In a January 2024 article, Hacohen argued that Israel had moved to a wrongful paradigm of withdrawal over the years, as major ground operations in urban areas came to seem like obsolete industrial-era warfare, in an era when advanced information technology allowed for remote security methods. "It is essential to develop a new Israeli security perspective … that moves away from the konzeptzia of withdrawal … as if the IDF could forgo territorial depth and win fast even from the 1967 lines," he wrote.
Palestinians looking at Israeli soldiers stationed in the West Bank settlement of Carmel on Thursday.Credit: Mosab Shawer/AFP
But Zanany says: "The classic security approach is the complete opposite – that it's better to operate with a line and with an 'address'" such as a central government or a decision-making authority. Israel's government wants no such thing for the Palestinians, since it could become the basis for a state. Then, when government figures are confronted in interviews with the question of how Israel was able to reach cease-fire agreements in Lebanon and Iran but not in Gaza, the answer is always a variation of circular logic: "Ah, it's different! Those are proper states with governments."
Hacohen, the right-wing military thinker, argues for a return to earlier Zionist security strategies. In 2019 he described an organic harmony of Jewish settlements that provide the essential foundation for the IDF presence, and the army, in turn, delivered "successful" military operations such as Defensive Shield in the West Bank back in 2002. Speakers at the "sovereignty" conference repeatedly pointed to West Bank settlements as the only reason there has not been a massive October 7 style attack there.

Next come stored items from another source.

(* Let $\theta:\mathbb{A}\to\mathbb{A}^\lambda$ be a primitive substitution satisfying the standing assumptions, with height $h=h(\theta)$ and pure base $\theta^{(h)}$. Then $c(\theta)=h(\theta)\cdot c(\theta^{(h)})$. In particular $h(\theta)\mid c(\theta)$.
   Context: Substitution $\theta:\mathbb{A}\to\mathbb{A}^\lambda$ of constant length $\lambda\ge2$, extended by concatenation; primitive: some iterate $\theta^k(a)$ contains all letters for each $a$. Standing assumptions: $\theta(a_0)_0=a_0$ for some $a_0$, $\theta$ injective on letters, subshift infinite; $u$ the fixed point with $u[0]=a_0$. Height $h(\theta)=\max\{m\ge1:\gcd(m,\lambda)=1,\ m\mid\gcd\{r\ge1:u[r]=u[0]\}\}$; column number $c(\theta)=\min_{k\ge1,0\le j<\lambda^k}|\{\theta^k(a)_j:a\in\mathbb{A}\}|$ (for any primitive substitution these are defined analogously, using a fixed point of a suitable power). Pure base: let $\mathbb{A}^{(h)}=\{u[mh,mh+h-1]:m\ge0\}\subset\mathbb{A}^h$ and define $\theta^{(h)}:\mathbb{A}^{(h)}\to(\mathbb{A}^{(h)})^\lambda$ by $\theta^{(h)}(w)_j=\theta(w)[jh,(j+1)h-1]$ for $0\le j<\lambda$ (here $\theta(w)$ is the concatenation $\theta(w_0)\cdots\theta(w_{h-1})$ of length $\lambda h$); $\theta^{(h)}$ is a primitive substitution of length $\lambda$. *)

theory Defs
  imports Main
begin

definition subst_word :: "('a \<Rightarrow> 'a list) \<Rightarrow> 'a list \<Rightarrow> 'a list" where
  "subst_word \<theta> w = concat (map \<theta> w)"

definition subst_iter :: "('a \<Rightarrow> 'a list) \<Rightarrow> nat \<Rightarrow> 'a \<Rightarrow> 'a list" where
  "subst_iter \<theta> k a = (subst_word \<theta> ^^ k) [a]"

definition const_length_subst :: "'a set \<Rightarrow> nat \<Rightarrow> ('a \<Rightarrow> 'a list) \<Rightarrow> bool" where
  "const_length_subst A lam \<theta> \<longleftrightarrow> finite A \<and> A \<noteq> {} \<and> lam \<ge> 2 \<and>
     (\<forall>a\<in>A. length (\<theta> a) = lam \<and> set (\<theta> a) \<subseteq> A)"

definition primitive_subst :: "'a set \<Rightarrow> nat \<Rightarrow> ('a \<Rightarrow> 'a list) \<Rightarrow> bool" where
  "primitive_subst A lam \<theta> \<longleftrightarrow> const_length_subst A lam \<theta> \<and>
     (\<exists>k\<ge>1. \<forall>a\<in>A. set (subst_iter \<theta> k a) = A)"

It's a view that ignores all other factors: Relative to Gaza, West Bank Palestinians had a better economy, greater mobility and deeper coordination with Israel on security for over three decades, while accelerated settlement contributed violent escalations that spiked in the years ahead of October 7. Zanany believes that this right-wing paradigm both provokes and depends on such regular escalations in order to continuously "mow the lawn."
But he points to the obvious problem, which is almost a tautology. "You can't win because it's endless. You won't create any positive direction."